Not much attracts attention in Mirpur, a place of cultural confusion. Multi-tiered mansions of pink marble and stucco line dirt paths; expensive cars wind through potholed streets and park in front of the British Airways office in Mirpur town center. Residents speak with thick British regional accents. "There are more mansions in Mirpur than there are in Islamabad," boasts Ashfaq Hamid, a friend of the Birmingham-based Rauf family who has come back to Haveli Beghal to build his own mansion. The 47-year-old taxi driver plans to retire here, in the town where he was born. Before that though, he would like to bring his three sons, aged 16, 18 and 20, for a visit. "I want them to learn more about their culture, about their religion," he says. Hamid moved to Birmingham with his parents when he was 12.

He speaks of the family of the detained terror-suspect Rashid Rauf as "very likable, straight, genuine people." The last time he saw Rauf was at the funeral of his uncle, stabbed to death in what was said to be a family dispute — an incident that reportedly prompted Rauf to flee Britain. "I knew him as a very good kid, from a good family.
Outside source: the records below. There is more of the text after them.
lemma fd_norm_block_norm:
  "fd_norm (block_size a n) (block_norm M a n)"
  unfolding fd_norm_def block_norm_def
proof (intro conjI allI impI)
  fix w :: "nat \<Rightarrow> real" assume w: "\<forall>i\<ge>block_size a n. w i = 0"
  show "0 \<le> normM M (block_embed a n w)"
    by (rule normM_nonneg[OF block_embed_c00])
  have "w j = 0" if "normM M (block_embed a n w) = 0" for j
  proof (cases "j < block_size a n")
    case True
    then have "block_embed a n w (block_start a n + j) = w j"
      by (simp add: block_embed_def block_def block_size_def)
    then show ?thesis
      using abs_le_normM[OF block_embed_c00, of a n w "block_start a n + j" M] that by simp
  qed (use w in simp)
  then show "normM M (block_embed a n w) = 0 \<longleftrightarrow> w = (\<lambda>_. 0)"
    by (auto simp: block_embed_zero normM_zero)
next
  fix w :: "nat \<Rightarrow> real" and c :: real
  have "block_embed a n (\<lambda>i. c * w i) = (\<lambda>i. c * block_embed a n w i)"
    by (simp add: block_embed_def fun_eq_iff)
  then show "normM M (block_embed a n (\<lambda>i. c * w i)) = \<bar>c\<bar> * normM M (block_embed a n w)"
    by (simp add: normM_scale[OF block_embed_c00])
next
  fix w v :: "nat \<Rightarrow> real"
  have "block_embed a n (\<lambda>i. w i + v i) = (\<lambda>i. block_embed a n w i + block_embed a n v i)"
    by (simp add: block_embed_def fun_eq_iff)
  then show "normM M (block_embed a n (\<lambda>i. w i + v i)) \<le> normM M (block_embed a n w) + normM M (block_embed a n v)"
    by (simp add: normM_triangle[OF block_embed_c00 block_embed_c00])
qed

lemma block_coords_in_c0_sum:
  assumes "strict_mono a" "x \<in> c00"
  shows "block_coords a x \<in> c0_sum (block_size a) (block_norm M a)"
proof -
  obtain K where K: "\<forall>i\<ge>a K. x i = 0"
    using c00_below_block[OF assms] by blast
  have "\<forall>\<^sub>F n in sequentially. block_norm M a n (block_coords a x n) = 0"
    using block_proj_vanishes[OF assms(1) K]
    by (intro eventually_sequentiallyI[of "Suc K"]) (simp add: block_norm_coords normM_zero)
  then show ?thesis
    unfolding c0_sum_def by (auto simp: block_coords_def tendsto_eventually)
qed

lemma c0_sum_norm_block_coords:
  assumes a: "strict_mono a" "range a \<subseteq> A" "A \<in> M" and x: "x \<in> c00"
  shows "(1/3) * normM M x \<le> c0_sum_norm (block_norm M a) (block_coords a x)"
    and "c0_sum_norm (block_norm M a) (block_coords a x) \<le> 1 * normM M x"
proof -
  have eq: "c0_sum_norm (block_norm M a) (block_coords a x) = (SUP n. normM M (block_proj a n x))"
    by (simp add: c0_sum_norm_def block_norm_coords)
  have bdd: "bdd_above (range (\<lambda>n. normM M (block_proj a n x)))"
    using normM_block_proj_le[OF x] by (intro bdd_aboveI[of _ "normM M x"]) auto
  show "c0_sum_norm (block_norm M a) (block_coords a x) \<le> 1 * normM M x"
    unfolding eq using normM_block_proj_le[OF x] by (simp add: cSUP_least)
  have "normM M x \<le> 3 * (SUP n. normM M (block_proj a n x))"
    using normM_le_block_sup[OF a x] cSUP_upper[OF _ bdd] by blast
  then show "(1/3) * normM M x \<le> c0_sum_norm (block_norm M a) (block_coords a x)"
    unfolding eq by simp
qed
I never heard anything bad about him. When I heard the news I was shocked." He doesn't believe that the Rauf family had anything to do with the bomb plot.

When asked whether he feared that his own children might become radicalized in England, he says he's more worried about them falling prey to Western bad habits. "My wife watches them 24/7. She worries that if she lets them go out they may mix with bad society. That makes problems for us."